Conclusions and Relevance
BM using Mahalanobis distance of the GPS with or without caliper performs better than other methods for fewer than five treatments. However, as the number of treatments increases, VM matching with fuzzy clustering performs best with the lowest standardized pairwise bias.
Future Research Needs
Future research could examine the sensitivity of study results to the unconfounded assignment assumption.
Final Research Report
View this project's final research report.
Journal Citations
Results of This Project
Related Journal Citations
Peer-Review Summary
Peer review of PCORI-funded research helps make sure the report presents complete, balanced, and useful information about the research. It also assesses how the project addressed PCORI’s Methodology Standards. During peer review, experts read a draft report of the research and provide comments about the report. These experts may include a scientist focused on the research topic, a specialist in research methods, a patient or caregiver, and a healthcare professional. These reviewers cannot have conflicts of interest with the study.
The peer reviewers point out where the draft report may need revision. For example, they may suggest ways to improve descriptions of the conduct of the study or to clarify the connection between results and conclusions. Sometimes, awardees revise their draft reports twice or more to address all of the reviewers’ comments.
Peer reviewers commented and the researchers made changes or provided responses. Those comments and responses included the following:
- The reviewers commented that the targeted methods for comparing more than two interventions in an observational study could be biased because the individuals counted in the study appeared to be only those who stayed on the comparison medication for a specific period of time. Thus, although an important outcome was major adverse events, those individuals who experienced those events early in treatment would not be included in the analyses.
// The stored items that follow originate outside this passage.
lemma star_defect_decreasing_step:
  assumes g: "good_tree G" and c: "c \<in> verts G" and "star_defect G c \<noteq> 0"
  obtains G' where "connected_by_conic G G'" "good_tree G'" "verts G' = verts G"
    "deg G' = deg G" "size (marks G') = size (marks G)" "star_defect G' c < star_defect G c"
proof (cases "non_neighbours G c = {}")
  case False
  then obtain x where x: "x \<in> verts G" "x \<noteq> c" "{c, x} \<notin> edges G"
    by (auto simp: non_neighbours_def)
  have "(c, x) \<in> (adj G)\<^sup>*" using is_graph_connected[OF good_tree_is_graph[OF g] c x(1)] .
  \<comment> \<open>a path from c to x leaves the closed neighbourhood of c through some edge {v, y}\<close>
  from rtrancl_crosses_boundary[OF this, of "{z. z = c \<or> {c, z} \<in> edges G}"] x
  obtain v y where vy: "{v, y} \<in> edges G" "v = c \<or> {c, v} \<in> edges G" "y \<noteq> c" "{c, y} \<notin> edges G"
    by auto
  then have slide: "good_tree G" "{c, v} \<in> edges G" "{v, y} \<in> edges G" "y \<noteq> c" "{c, y} \<notin> edges G"
    using g by auto
  show ?thesis
    by (rule that[of "slide_edge G c v y"]) (simp_all add: connected_by_conic_slide_edge[OF slide]
        good_tree_slide_edge[OF slide] star_defect_slide_edge_less[OF slide])
next
  case True
  with assms(3) obtain x where x: "x \<in># marks G" "x \<noteq> c"
    by (auto simp: star_defect_def)
  then have "{c, x} \<in> edges G"
    using True is_graph_marks_subset[OF good_tree_is_graph[OF g]] by (auto simp: non_neighbours_def)
  show ?thesis
    by (rule that[of "move_mark G x c"]) (simp_all add: good_tree_move_mark[OF g c]
        connected_by_conic_move_mark[OF g \<open>{c, x} \<in> edges G\<close> x(1)] size_move_mark[OF x(1)]
        star_defect_move_mark_less[OF x])
qed
lemma S_op_eq_integral: "S_op \<mu> evl g = (\<integral>x. S_integrand g x \<partial>\<mu>)"
  unfolding S_op_def
proof (rule the_equality)
  show "\<forall>f. inner f (\<integral>x. S_integrand g x \<partial>\<mu>) = (\<integral>x. grad (evl f) x \<bullet> grad (evl g) x \<partial>\<mu>)"
    by (simp add: inner_integral_S_integrand inner_grad_evl)
  fix s assume "\<forall>f. inner f s = (\<integral>x. grad (evl f) x \<bullet> grad (evl g) x \<partial>\<mu>)"
  then have "inner f (s - (\<integral>x. S_integrand g x \<partial>\<mu>)) = 0" for f
    by (simp add: inner_diff_right inner_integral_S_integrand inner_grad_evl)
  from this[of "s - (\<integral>x. S_integrand g x \<partial>\<mu>)"] show "s = (\<integral>x. S_integrand g x \<partial>\<mu>)"
    by simp
qed

lemma inner_S_op:
  "inner f (S_op \<mu> evl g) = (\<integral>x. (\<Sum>i\<in>UNIV. inner f (kf_deriv i x) * inner g (kf_deriv i x)) \<partial>\<mu>)"
  by (simp add: S_op_eq_integral inner_integral_S_integrand)

lemma S_op_symmetric: "inner f (S_op \<mu> evl g) = inner g (S_op \<mu> evl f)"
  unfolding inner_S_op by (simp add: mult.commute)

lemma linear_S_op: "linear (S_op \<mu> evl)"
proof (rule linearI)
  fix g h :: 'h and c :: real
  have "S_integrand (g + h) = (\<lambda>x. S_integrand g x + S_integrand h x)"
    by (simp add: S_integrand_def inner_add_left scaleR_add_left sum.distrib fun_eq_iff)
  then show "S_op \<mu> evl (g + h) = S_op \<mu> evl g + S_op \<mu> evl h"
    by (simp add: S_op_eq_integral Bochner_Integration.integral_add[OF integrable_S_integrand integrable_S_integrand])
  have "S_integrand (c *\<^sub>R g) = (\<lambda>x. c *\<^sub>R S_integrand g x)"
    by (simp add: S_integrand_def scaleR_sum_right fun_eq_iff)
  then show "S_op \<mu> evl (c *\<^sub>R g) = c *\<^sub>R S_op \<mu> evl g"
    by (simp add: S_op_eq_integral)
qed

text \<open>\<open>\<langle>g, S\<^sub>\<mu> g\<rangle>\<close> integrates the continuous function \<open>\<parallel>\<nabla>g\<parallel>\<^sup>2\<close> against a measure of full support.\<close>
lemma S_op_eq_0_iff: "S_op \<mu> evl g = 0 \<longleftrightarrow> (\<forall>i x. inner g (kf_deriv i x) = 0)"
proof
  assume S0: "S_op \<mu> evl g = 0"
  define h where "h = (\<lambda>x. inner g (S_integrand g x))"
  have "integrable \<mu> h"
    unfolding h_def by (intro integrable_inner_right integrable_S_integrand)
  moreover have "h x \<ge> 0" for x
    by (simp add: h_def inner_S_integrand sum_nonneg)
  moreover have "integral\<^sup>L \<mu> h = 0"
    using S0 inner_S_op[of g g] by (simp add: h_def inner_S_integrand)
  ultimately have "AE x in \<mu>. h x = 0"
    by (simp add: integral_nonneg_eq_0_iff_AE)
  moreover have "continuous_on UNIV h"
    unfolding h_def S_integrand_def by (intro continuous_intros continuous_on_kf_deriv)
  ultimately have "h x = 0" for x
    using continuous_AE_zero_imp_zero sets_\<mu> full_support by blast
  then show "\<forall>i x. inner g (kf_deriv i x) = 0"
    by (simp add: h_def inner_S_integrand sum_nonneg_eq_0_iff)
next
  assume "\<forall>i x. inner g (kf_deriv i x) = 0"
  then have "inner (S_op \<mu> evl g) (S_op \<mu> evl g) = 0"
    by (simp add: inner_S_op)
  then show "S_op \<mu> evl g = 0"
    by simp
qed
The researchers explained that they based their analyses on the sample of individuals who were on the targeted treatments 60 days after treatment onset, avoiding inclusion of patients who might have experienced adverse events unrelated to the treatments. In addition, the researchers noted that they applied an intention-to-treat analysis and each patient was followed for three years or until death based on their original group assignment. Any changes in treatment that occurred during that period did not change patients’ treatment group category, but the researchers did consider the amount of time patients were on the index treatments in their analyses.
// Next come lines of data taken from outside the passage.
lemma Zbar_ge_prob_le:
  assumes "x > 0"
  shows "prob {\<omega>\<in>space M. x \<le> Zbar Z n \<omega>} \<le> 3 / x^4 * inverse (real n ^ 2)"
proof (cases "n = 0")
  case False
  then have "{\<omega>\<in>space M. x \<le> Zbar Z n \<omega>} \<subseteq> {\<omega>\<in>space M. real n * x \<le> \<bar>\<Sum>j=1..n. Z j \<omega>\<bar>}"
    using Zbar_less_iff[of n Z _ x] by (auto simp: not_less[symmetric])
  then have "prob {\<omega>\<in>space M. x \<le> Zbar Z n \<omega>}
      \<le> prob {\<omega>\<in>space M. real n * x \<le> \<bar>\<Sum>j=1..n. Z j \<omega>\<bar>}"
    by (intro finite_measure_mono) measurable
  also have "\<dots> \<le> 3 * real (card {1..n}) ^ 2 / (real n * x)^4"
    using False assms by (intro sum_Z_abs_ge_prob_le) auto
  also have "\<dots> = 3 / x^4 * inverse (real n ^ 2)"
    using False assms by (simp add: field_simps power_mult_distrib)
  finally show ?thesis .
qed (use assms in \<open>simp add: Zbar_def\<close>)

section \<open>Positive level\<close>

lemma nn_integral_count_Zbar_ge_finite:
  assumes "x > 0"
  shows "(\<integral>\<^sup>+\<omega>. (\<Sum>n. indicator {\<omega>\<in>space M. n0 \<le> n \<and> x \<le> Zbar Z n \<omega>} \<omega>) \<partial>M) < \<infinity>"
proof -
  define f where "f n = 3 / x^4 * inverse (real n ^ 2)" for n
  have "summable f"
    unfolding f_def by (intro summable_mult inverse_power_summable) simp
  have f_nonneg: "f n \<ge> 0" for n
    using assms by (simp add: f_def)
  have sets_count [measurable]: "{\<omega>\<in>space M. n0 \<le> n \<and> x \<le> Zbar Z n \<omega>} \<in> events" for n
    by measurable
  have "(\<integral>\<^sup>+\<omega>. (\<Sum>n. indicator {\<omega>\<in>space M. n0 \<le> n \<and> x \<le> Zbar Z n \<omega>} \<omega>) \<partial>M)
      = (\<Sum>n. emeasure M {\<omega>\<in>space M. n0 \<le> n \<and> x \<le> Zbar Z n \<omega>})"
    by (subst nn_integral_suminf) simp_all
  also have "\<dots> \<le> (\<Sum>n. ennreal (f n))"
  proof (intro suminf_le)
    fix n
    have "prob {\<omega>\<in>space M. n0 \<le> n \<and> x \<le> Zbar Z n \<omega>} \<le> prob {\<omega>\<in>space M. x \<le> Zbar Z n \<omega>}"
      by (rule finite_measure_mono) (blast, measurable)
    then show "emeasure M {\<omega>\<in>space M. n0 \<le> n \<and> x \<le> Zbar Z n \<omega>} \<le> ennreal (f n)"
      using Zbar_ge_prob_le[OF assms, of n] by (simp add: emeasure_eq_measure f_def ennreal_leI)
  qed simp_all
  also have "\<dots> < \<infinity>"
    using ennreal_suminf_neq_top[OF \<open>summable f\<close> f_nonneg] by (simp add: less_top)
  finally show ?thesis .
qed

theorem Ntilde_pos_finite:
  assumes "x > 0"
  shows "(\<integral>\<^sup>+\<omega>. Ntilde Z x n0 \<omega> \<partial>M) < \<infinity>"
    and "prob {\<omega>\<in>space M. Ntilde Z x n0 \<omega> < \<infinity>} = 1"
proof -
  define count where "count \<omega> = (\<Sum>n. indicator {\<omega>\<in>space M. n0 \<le> n \<and> x \<le> Zbar Z n \<omega>} \<omega> :: ennreal)" for \<omega>
  have count_measurable [measurable]: "count \<in> borel_measurable M"
    unfolding count_def by measurable
  have count_finite: "integral\<^sup>N M count < \<infinity>"
    using nn_integral_count_Zbar_ge_finite[OF assms, of n0] by (simp add: count_def[abs_def])
  have Ntilde_le: "Ntilde Z x n0 \<omega> \<le> of_nat n0 + count \<omega>" if "\<omega> \<in> space M" for \<omega>
    using Ntilde_le_count_Zbar_ge[of Z x n0 \<omega>] that by (simp add: count_def indicator_def)
  have "(\<integral>\<^sup>+\<omega>. Ntilde Z x n0 \<omega> \<partial>M) \<le> (\<integral>\<^sup>+\<omega>. of_nat n0 + count \<omega> \<partial>M)"
    by (intro nn_integral_mono Ntilde_le)
  also have "\<dots> = of_nat n0 + integral\<^sup>N M count"
    by (subst nn_integral_add) (simp_all add: emeasure_space_1)
  also have "\<dots> < \<infinity>"
    using count_finite by (simp add: ennreal_add_less_top of_nat_less_top)
  finally show "(\<integral>\<^sup>+\<omega>. Ntilde Z x n0 \<omega> \<partial>M) < \<infinity>" .
  have "AE \<omega> in M. count \<omega> \<noteq> \<infinity>"
    using count_finite by (intro nn_integral_PInf_AE) simp_all
  with AE_space have "AE \<omega> in M. Ntilde Z x n0 \<omega> < \<infinity>"
  proof eventually_elim
    case (elim \<omega>)
    then have "of_nat n0 + count \<omega> < \<infinity>"
      by (simp add: ennreal_add_less_top of_nat_less_top less_top)
    then show ?case
      using Ntilde_le[OF elim(1)] by (rule le_less_trans[rotated])
  qed
  then show "prob {\<omega>\<in>space M. Ntilde Z x n0 \<omega> < \<infinity>} = 1"
    using prob_Collect_eq_1[OF sets_Ntilde_less_top] by blast
qed

section \<open>Negative level\<close>

lemma prob_Ntilde_less_top_pos:
  assumes "n0 \<ge> 1"
  shows "0 < prob {\<omega>\<in>space M. Ntilde Z x n0 \<omega> < \<infinity>}"
proof -
  let ?scaled_sum = "\<lambda>\<omega>. (\<Sum>j\<in>{1..n0}. Z j \<omega>) / sqrt (real (card {1..n0}))"
  have "0 < prob {\<omega>\<in>space M. ?scaled_sum \<omega> < sqrt (real n0) * x}"
    using assms by (intro std_normal_less_prob_pos std_normal_scaled_sum_Z) auto
  also have "\<dots> \<le> prob {\<omega>\<in>space M. Ntilde Z x n0 \<omega> < \<infinity>}"
  proof (rule finite_measure_mono)
    have "Zbar Z n0 \<omega> < x" if "?scaled_sum \<omega> < sqrt (real n0) * x" for \<omega>
    proof -
      have "(\<Sum>j=1..n0. Z j \<omega>) < sqrt (real n0) * x * sqrt (real n0)"
        using that assms by (simp add: pos_divide_less_eq)
      then show ?thesis
        using assms by (simp add: Zbar_less_iff mult.commute mult.left_commute)
    qed
    then show "{\<omega>\<in>space M. ?scaled_sum \<omega> < sqrt (real n0) * x}
        \<subseteq> {\<omega>\<in>space M. Ntilde Z x n0 \<omega> < \<infinity>}"
      by (auto simp: Ntilde_def)
  qed measurable
  finally show ?thesis .
qed

lemma increment_sum_less_prob_le:
  assumes "x < 0" "m < n"
  shows "prob {\<omega>\<in>space M. (\<Sum>j\<in>{m<..n}. Z j \<omega>) < real n * x} \<le> 3 / x^4 * inverse (real n ^ 2)"
proof -
  have "prob {\<omega>\<in>space M. (\<Sum>j\<in>{m<..n}. Z j \<omega>) < real n * x}
      \<le> prob {\<omega>\<in>space M. real n * (- x) \<le> \<bar>\<Sum>j\<in>{m<..n}. Z j \<omega>\<bar>}"
    by (rule finite_measure_mono) (auto, measurable)
  also have "\<dots> \<le> 3 * real (card {m<..n}) ^ 2 / (real n * (- x))^4"
    using assms by (intro sum_Z_abs_ge_prob_le) (auto simp: mult_pos_neg)
  also have "\<dots> \<le> 3 * real n ^ 2 / (real n * (- x))^4"
    using assms by (intro divide_right_mono mult_left_mono power_mono) auto
  also have "\<dots> = 3 / x^4 * inverse (real n ^ 2)"
    using assms by (simp add: field_simps power_mult_distrib)
  finally show ?thesis .
qed

lemma prob_increment_sum_below_le:
  assumes "x < 0"
  shows "prob {\<omega>\<in>space M. \<exists>n>m. (\<Sum>j\<in>{m<..n}. Z j \<omega>) < real n * x}
    \<le> (\<Sum>i. 3 / x^4 * inverse (real (i + Suc m) ^ 2))"
proof -
  define f where "f i = 3 / x^4 * inverse (real (i + Suc m) ^ 2)" for i
  define below where "below i = {\<omega>\<in>space M. (\<Sum>j\<in>{m<..i + Suc m}. Z j \<omega>) < real (i + Suc m) * x}" for i
  have "below i \<in> events" for i
    unfolding below_def by measurable
  then have below_sets: "range below \<subseteq> events"
    by auto
  have prob_below: "prob (below i) \<le> f i" for i
    unfolding below_def f_def using assms by (intro increment_sum_less_prob_le) auto
  have "summable (\<lambda>n. inverse (real n ^ 2))"
    by (rule inverse_power_summable) simp
  then have "summable f"
    unfolding f_def[abs_def] by (rule summable_mult[OF summable_ignore_initial_segment])
  then have summable_prob_below: "summable (\<lambda>i. prob (below i))"
    using prob_below by (intro summable_comparison_test'[OF \<open>summable f\<close>]) simp
  have shift: "(\<exists>i. P (i + Suc m)) \<longleftrightarrow> (\<exists>n>m. P n)" for P
    by (auto simp: less_iff_Suc_add add.commute)
  have "{\<omega>\<in>space M. \<exists>n>m. (\<Sum>j\<in>{m<..n}. Z j \<omega>) < real n * x} = (\<Union>i. below i)"
  proof (intro set_eqI)
    fix \<omega>
    show "\<omega> \<in> {\<omega>\<in>space M. \<exists>n>m. (\<Sum>j\<in>{m<..n}. Z j \<omega>) < real n * x} \<longleftrightarrow> \<omega> \<in> (\<Union>i. below i)"
      using shift[of "\<lambda>n. (\<Sum>j\<in>{m<..n}. Z j \<omega>) < real n * x"] by (auto simp: below_def)
  qed
  also have "prob \<dots> \<le> (\<Sum>i. prob (below i))"
    by (rule finite_measure_subadditive_countably[OF below_sets summable_prob_below])
  also have "\<dots> \<le> (\<Sum>i. f i)"
    by (rule suminf_le[OF prob_below summable_prob_below \<open>summable f\<close>])
  finally show ?thesis
    by (simp only: f_def)
qed

lemma prob_increment_sums_above_pos:
  assumes "x < 0"
  shows "\<exists>m\<ge>n0. 0 < prob {\<omega>\<in>space M. \<forall>n>m. real n * x \<le> (\<Sum>j\<in>{m<..n}. Z j \<omega>)}"
proof -
  define f where "f n = 3 / x^4 * inverse (real n ^ 2)" for n
  have "summable f"
    unfolding f_def[abs_def] by (intro summable_mult inverse_power_summable) simp
  then obtain N where N: "\<And>n. n \<ge> N \<Longrightarrow> norm (\<Sum>i. f (i + n)) < 1"
    using suminf_exist_split[of 1 f] by auto
  define m where "m = max N n0"
  let ?below = "{\<omega>\<in>space M. \<exists>n>m. (\<Sum>j\<in>{m<..n}. Z j \<omega>) < real n * x}"
  have "prob ?below \<le> (\<Sum>i. f (i + Suc m))"
    using prob_increment_sum_below_le[OF assms, of m] by (simp only: f_def)
  also have "\<dots> < 1"
    using N[of "Suc m"] by (simp add: m_def abs_less_iff)
  finally have "prob ?below < 1" .
  moreover have "?below \<in> events"
    by measurable
  ultimately have "0 < prob (space M - ?below)"
    by (simp add: prob_compl)
  also have "space M - ?below = {\<omega>\<in>space M. \<forall>n>m. real n * x \<le> (\<Sum>j\<in>{m<..n}. Z j \<omega>)}"
    by (auto simp: not_less)
  finally have "0 < prob {\<omega>\<in>space M. \<forall>n>m. real n * x \<le> (\<Sum>j\<in>{m<..n}. Z j \<omega>)}" .
  moreover have "m \<ge> n0"
    by (simp add: m_def)
  ultimately show ?thesis
    by blast
qed

lemma prob_all_Z_pos_pos: "0 < prob {\<omega>\<in>space M. \<forall>j\<in>{1..m}. 0 < Z j \<omega>}"
proof (cases "m = 0")
  case False
  then have "prob {\<omega>\<in>space M. \<forall>j\<in>{1..m}. 0 < Z j \<omega>} = prob (\<Inter>j\<in>{1..m}. Z j -` {0<..} \<inter> space M)"
    by (auto intro!: arg_cong[where f = prob])
  also have "\<dots> = (\<Prod>j\<in>{1..m}. prob (Z j -` {0<..} \<inter> space M))"
    using False by (intro indep_varsD[OF indep_Z]) auto
  also have "\<dots> > 0"
  proof (intro prod_pos)
    fix j assume "j \<in> {1..m}"
    then have "0 < prob {\<omega>\<in>space M. - Z j \<omega> < 0}"
      by (intro std_normal_less_prob_pos std_normal_uminus distributed_Z) simp
    also have "{\<omega>\<in>space M. - Z j \<omega> < 0} = Z j -` {0<..} \<inter> space M"
      by auto
    finally show "0 < prob (Z j -` {0<..} \<inter> space M)" .
  qed
  finally show ?thesis .
qed (simp add: prob_space)

lemma prob_past_future_indep:
  assumes "A \<in> sets (PiM {1..m} (\<lambda>_. borel))" "B \<in> sets (PiM {m<..} (\<lambda>_. borel))"
  shows "prob {\<omega>\<in>space M. (\<lambda>i\<in>{1..m}. Z i \<omega>) \<in> A \<and> (\<lambda>i\<in>{m<..}. Z i \<omega>) \<in> B}
    = prob {\<omega>\<in>space M. (\<lambda>i\<in>{1..m}. Z i \<omega>) \<in> A} * prob {\<omega>\<in>space M. (\<lambda>i\<in>{m<..}. Z i \<omega>) \<in> B}"
proof -
  have "indep_var (PiM {1..m} (\<lambda>_. borel)) (\<lambda>\<omega>. \<lambda>i\<in>{1..m}. Z i \<omega>)
      (PiM {m<..} (\<lambda>_. borel)) (\<lambda>\<omega>. \<lambda>i\<in>{m<..}. Z i \<omega>)"
    by (rule indep_var_restrict[OF indep_Z]) auto
  from indep_varD[OF this assms] show ?thesis
    by (simp add: vimage_def Int_def conj_commute)
qed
- The reviewers asked whether the period of time used to assess patient outcomes differed for different patients. The researchers replied that they followed all patients for three years unless the patients died during that period. They accounted for the different periods of follow-up time by using both major cardiovascular events and all-cause mortality as outcomes, rather than just major cardiovascular events.
- The reviewers asked why the researchers used a fixed period of six months as a baseline period to assess the health condition of individuals before they received the experimental intervention. The researchers said they decided on this design after consultations with clinical experts and to be in line with other clinical trials they cited.